23. The method of claim 22, wherein the autoimmune disease is multiple sclerosis, systemic lupus erythematosis, Kawasaki's disease or rheumatoid arthritis.

24. The method of claim 22, wherein the Tcr protein or conformational determinant is encoded by a region of a Vα or Vδ gene.

25. The method of claim 22, wherein the Tcr peptide or conformational determinant is encoded by a region of a Vβ or γ gene.

26. The method of claim 22, wherein step (c) is accomplished by means of an ELISA procedure.

27. The method of claim 22, wherein step (c) is accomplished by fluorescent flow cytometry.
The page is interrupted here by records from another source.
(* Let $\mathcal{C}\subseteq\mathbb{F}_3^{11}$ be the ternary Golay code, with length $n=11$, dimension $k=6$ and minimum distance $d=5$. Then $$\mathbb{E}[\mathcal{C}] = n(H_n-H_{d-1}) - \frac{\binom{n}{k} - \frac{W_k(\mathcal{C}^\perp)}{2}}{\binom{n-1}{k}} \approx 8.416,$$ where $W_6(\mathcal{C}^\perp)=132$.
   Context: The ternary Golay code is a linear $[11,6,5]$ code over $\mathbb{F}_3$ (unique up to equivalence); its homogeneous weight enumerator is $X^{11}+132X^6Y^5+132X^5Y^6+330X^3Y^8+110X^2Y^9+24Y^{11}$. $\mathcal{C}^\perp$ is its dual code (standard inner product) and $W_i(\mathcal{D})$ denotes the number of codewords of Hamming weight $i$ in a code $\mathcal{D}$. $H_m=\sum_{i=1}^m 1/i$. $\mathbb{E}[\mathcal{C}]$ is $\mathbb{E}[G]$ for any generator matrix $G\in\mathbb{F}_3^{6\times 11}$, the expected number of draws when columns of $G$ are drawn independently and uniformly at random from its $11$ columns (with repetition) until the drawn columns span $\mathbb{F}_3^6$. *)

theory Defs
  imports "HOL-Analysis.Analysis" "HOL-Library.Numeral_Type"
begin

text \<open>F_3 is the numeral type 3 (integers mod 3, a ring of characteristic 3,
 i.e. the field with three elements). Vectors in F_3^n are elements of 3^n.\<close>

definition hweight :: "'a::zero ^ 'n \<Rightarrow> nat" where
  "hweight x = card {i. x $ i \<noteq> 0}"

definition hdist :: "'a ^ 'n \<Rightarrow> 'a ^ 'n \<Rightarrow> nat" where
  "hdist x y = card {i. x $ i \<noteq> y $ i}"

definition linear_code :: "('a::comm_ring_1 ^ 'n) set \<Rightarrow> bool" where
  "linear_code C \<longleftrightarrow> 0 \<in> C \<and> (\<forall>x\<in>C. \<forall>y\<in>C. x + y \<in> C) \<and> (\<forall>a x. x \<in> C \<longrightarrow> a *s x \<in> C)"

definition min_dist :: "('a ^ 'n) set \<Rightarrow> nat" where
  "min_dist C = Min {hdist x y | x y. x \<in> C \<and> y \<in> C \<and> x \<noteq> y}"

definition dotp :: "'a::comm_ring_1 ^ 'n \<Rightarrow> 'a ^ 'n \<Rightarrow> 'a" where
  "dotp x y = (\<Sum>i\<in>UNIV. x $ i * y $ i)"

definition dual_code :: "('a::comm_ring_1 ^ 'n) set \<Rightarrow> ('a ^ 'n) set" where
  "dual_code C = {y. \<forall>x\<in>C. dotp x y = 0}"

definition W :: "nat \<Rightarrow> ('a::zero ^ 'n) set \<Rightarrow> nat" where
  "W i D = card {x \<in> D. hweight x = i}"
28. A method of treating a patient suffering from an autoimmune disease or condition or graft versus host disease (GVHD) which comprises administering to the patient a human antibody preparation which is enriched for antibodies which bind to a Tcr peptide or conformational determinant that is present in elevated levels of circulating T cells in patients having said autoimmune disease or GVHD, wherein said preparation comprises a sufficient amount of said antibodies to bind to said peptide or conformational determinant.
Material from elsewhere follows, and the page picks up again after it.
(* Let $p$ be a prime and $k$ a positive integer. (1) If $p>2$, there are exactly two conjugacy classes of involutions in $\operatorname{Hol}(\mathbb{Z}/p^k\mathbb{Z})$, with representatives $\lambda(1,0)$ and $\lambda(-1,0)$. (2) There are exactly two conjugacy classes of involutions in $\operatorname{Hol}(\mathbb{Z}/2\mathbb{Z})$, with representatives $\lambda(1,0),\lambda(1,1)$. (3) There are exactly four conjugacy classes of involutions in $\operatorname{Hol}(\mathbb{Z}/4\mathbb{Z})$, with representatives $\lambda(1,0),\lambda(1,2),\lambda(-1,0),\lambda(-1,1)$. (4) For $k\ge3$ there are exactly six conjugacy classes of involutions in $\operatorname{Hol}(\mathbb{Z}/2^k\mathbb{Z})$, with representatives $\lambda(1,0),\lambda(1,2^{k-1}),\lambda(-1,0),\lambda(-1,1),\lambda(2^{k-1}-1,0),\lambda(2^{k-1}+1,0)$. Consequently, for every positive integer $m$, the number of conjugacy classes of involutions in $\operatorname{Hol}(\mathbb{Z}/m\mathbb{Z})$ is $\min(6,2\nu_2(m))\cdot2^{|\{p>2\text{ prime}:p\mid m\}|}$.
   Context: $\operatorname{Hol}(\mathbb{Z}/m\mathbb{Z})$ is the group of permutations $\lambda(a,b):x\mapsto ax+b$ of $\mathbb{Z}/m\mathbb{Z}$ with $a$ a unit mod $m$ and $b\in\mathbb{Z}/m\mathbb{Z}$. An involution of a group is an element $g$ with $g^2=1$ (the identity counts as an involution). $\nu_2(m)$ is the exponent of $2$ in $m$. *)

theory Defs
  imports "HOL-Algebra.Group" "HOL-Computational_Algebra.Primes" "HOL-Library.FuncSet"
begin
29. The method of claim 28, wherein the antibodies are administered in a dosage range of about 0.1 to about 100 mg/kg body weight.

30. The method of claim 28, wherein the antibody preparation is enriched for antibodies which bind to a recombinant human Tcr protein encoded by a Vα gene or antibodies which bind to a recombinant human Tcr protein encoded by a Vβ gene.
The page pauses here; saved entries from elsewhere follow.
(* Let $\alpha\ge0$, $\mu\ge0$. There is a positive constant $M$, independent of $n$, such that for all $g\in C_B[0,\infty)$, $n\in\mathbb{N}$ and $x\in[0,\infty)$, $$|T_n(g;x)-g(x)|\le 2M\left\{\min\!\left(1,\frac{\chi_n(x)}{2}\right)\|g\|_{C_B[0,\infty)}+\omega_2\!\left(g;\sqrt{\frac{\chi_n(x)}{2}}\right)\right\},$$ where $\chi_n(x)=\Delta_1+\Delta_2$ with $\Delta_1=\dfrac{2\alpha x^2}{n}$ and $\Delta_2=\dfrac{1}{n^2}x\left(4x^3\alpha^2+4\alpha x+n\right)+\dfrac{2\mu x}{n}\dfrac{e_\mu(-nx)}{e_\mu(nx)}$.
   Context: $C_B[0,\infty)$ denotes the space of uniformly continuous bounded functions on $[0,\infty)$ with sup norm. The second order modulus of continuity is $\omega_2(f;\delta)=\sup_{0<s\le\delta}\|f(\cdot+2s)-2f(\cdot+s)+f(\cdot)\|_{C_B[0,\infty)}$. For $\mu>-\tfrac12$ define $\gamma_\mu(2k)=\dfrac{2^{2k}k!\,\Gamma(k+\mu+1/2)}{\Gamma(\mu+1/2)}$ and $\gamma_\mu(2k+1)=\dfrac{2^{2k+1}k!\,\Gamma(k+\mu+3/2)}{\Gamma(\mu+1/2)}$, $k\ge0$; $e_\mu(x)=\sum_{k\ge0} x^k/\gamma_\mu(k)$; $\theta_k=0$ if $k$ is even and $\theta_k=1$ if $k$ is odd. Let $h_k^\mu(\xi,\alpha)=\gamma_\mu(k)\sum_{j=0}^{\lfloor k/2\rfloor}\dfrac{\alpha^j\xi^{k-2j}}{j!\,\gamma_\mu(k-2j)}$. For $\alpha\ge0,\mu\ge0$, $n\in\mathbb{N}$ and $x\in[0,\infty)$ define $$T_n(f;x)=\frac{1}{e^{\alpha x^2}e_\mu(nx)}\sum_{k=0}^\infty \frac{h_k^\mu(n,\alpha)}{\gamma_\mu(k)}x^k f\!\left(\frac{k+2\mu\theta_k}{n}\right).$$ *)

theory Defs
  imports "HOL-Analysis.Analysis"
begin

definition gamma_mu :: "real \<Rightarrow> nat \<Rightarrow> real" where
  "gamma_mu \<mu> m =
     (if even m then
        2 ^ (2 * (m div 2)) * fact (m div 2) * Gamma (real (m div 2) + \<mu> + 1/2) / Gamma (\<mu> + 1/2)
      else
        2 ^ (2 * (m div 2) + 1) * fact (m div 2) * Gamma (real (m div 2) + \<mu> + 3/2) / Gamma (\<mu> + 1/2))"

definition e_mu :: "real \<Rightarrow> real \<Rightarrow> real" where
  "e_mu \<mu> x = (\<Sum>k. x ^ k / gamma_mu \<mu> k)"

definition theta :: "nat \<Rightarrow> real" where
  "theta k = (if even k then 0 else 1)"

definition h_mu :: "real \<Rightarrow> nat \<Rightarrow> real \<Rightarrow> real \<Rightarrow> real" where
  "h_mu \<mu> k \<xi> \<alpha> =
     gamma_mu \<mu> k * (\<Sum>j = 0..k div 2. \<alpha> ^ j * \<xi> ^ (k - 2 * j) / (fact j * gamma_mu \<mu> (k - 2 * j)))"

definition T_op :: "real \<Rightarrow> real \<Rightarrow> nat \<Rightarrow> (real \<Rightarrow> real) \<Rightarrow> real \<Rightarrow> real" where
  "T_op \<alpha> \<mu> n f x =
     1 / (exp (\<alpha> * x^2) * e_mu \<mu> (real n * x)) *
     (\<Sum>k. h_mu \<mu> k (real n) \<alpha> / gamma_mu \<mu> k * x ^ k * f ((real k + 2 * \<mu> * theta k) / real n))"

definition supnorm :: "(real \<Rightarrow> real) \<Rightarrow> real" where
  "supnorm f = (SUP t\<in>{0..}. \<bar>f t\<bar>)"

text \<open>Second order modulus of continuity; for delta <= 0 the supremum is over
  the empty set and is taken to be 0.\<close>
definition omega2 :: "(real \<Rightarrow> real) \<Rightarrow> real \<Rightarrow> real" where
  "omega2 f \<delta> = (if \<delta> \<le> 0 then 0 else
     (SUP s\<in>{0<..\<delta>}. supnorm (\<lambda>t. f (t + 2 * s) - 2 * f (t + s) + f t)))"

definition chi :: "real \<Rightarrow> real \<Rightarrow> nat \<Rightarrow> real \<Rightarrow> real" where
  "chi \<alpha> \<mu> n x =
     2 * \<alpha> * x^2 / real n
     + (1 / (real n)^2 * x * (4 * x^3 * \<alpha>^2 + 4 * \<alpha> * x + real n)
        + 2 * \<mu> * x / real n * (e_mu \<mu> (- (real n * x)) / e_mu \<mu> (real n * x)))"

end

theory Submission
  imports Defs
begin

text \<open>Expanding the generalized Hermite polynomials, \<open>T\<^sub>n(g; x)\<close> becomes a mean of the values
  \<open>g(t\<^sub>p)\<close> over pairs \<open>p = (j, m)\<close> with positive weights
  \<open>(\<alpha>x\<^sup>2)\<^sup>j/j! \<cdot> (nx)\<^sup>m/\<gamma>\<^sub>\<mu>(m)\<close>, of total mass \<open>exp(\<alpha>x\<^sup>2) e\<^sub>\<mu>(nx)\<close>, at the nodes
  \<open>t\<^sub>p = (2j + m + 2\<mu>\<theta>\<^sub>m)/n\<close>. The recurrence \<open>\<gamma>\<^sub>\<mu>(m+1) = (m + 1 + 2\<mu>\<theta>(m + 1)) \<gamma>\<^sub>\<mu>(m)\<close>
  gives the first two central moments of this mean, \<open>\<Delta>\<^sub>1\<close> and \<open>\<Delta>\<^sub>2\<close>. The estimate then holds
  for every positive mean with these moments: \<open>g\<close> is replaced by a smoothing \<open>G\<close> with
  \<open>|g - G| \<le> 3\<omega>\<^sub>2(g; h)\<close> and \<open>|G''| \<le> 9\<omega>\<^sub>2(g; h)/h\<^sup>2\<close>, \<open>G\<close> is expanded by Taylor's formula to
  second order, and \<open>h\<^sup>2 = \<chi>\<^sub>n(x)/2\<close>; when \<open>\<chi>\<^sub>n(x) > 2\<close> the trivial bound \<open>2\<parallel>g\<parallel>\<close> suffices.\<close>

section \<open>Dunkl numbers and the Dunkl exponential series\<close>

definition dunkl_num :: "real \<Rightarrow> nat \<Rightarrow> real" where
  "dunkl_num \<mu> k = real k + 2 * \<mu> * theta k"

lemma dunkl_num_0_right [simp]: "dunkl_num \<mu> 0 = 0"
  by (simp add: dunkl_num_def theta_def)

lemma dunkl_num_0_left [simp]: "dunkl_num 0 k = real k"
  by (simp add: dunkl_num_def)

lemma dunkl_num_nonneg: "\<mu> \<ge> 0 \<Longrightarrow> dunkl_num \<mu> k \<ge> 0"
  by (simp add: dunkl_num_def theta_def)

lemma theta_Suc: "theta (Suc k) = 1 - theta k"
  by (simp add: theta_def)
31. The method of claim 28, wherein the antibody preparation is enriched for antibodies which bind to a recombinant human Tcr protein encoded by a Vδ gene or antibodies which bind to a recombinant human Tcr protein encoded by a Vγ gene.

32. The method of claim 28, wherein the disease is an autoimmune disease.

33. The method of claim 30, wherein the autoimmune disease comprises Kawasaki's disease, multiple sclerosis, rheumatoid arthritis or systemic lupus erythematosis.

34. The method of claim 28, wherein the disease is GVHD.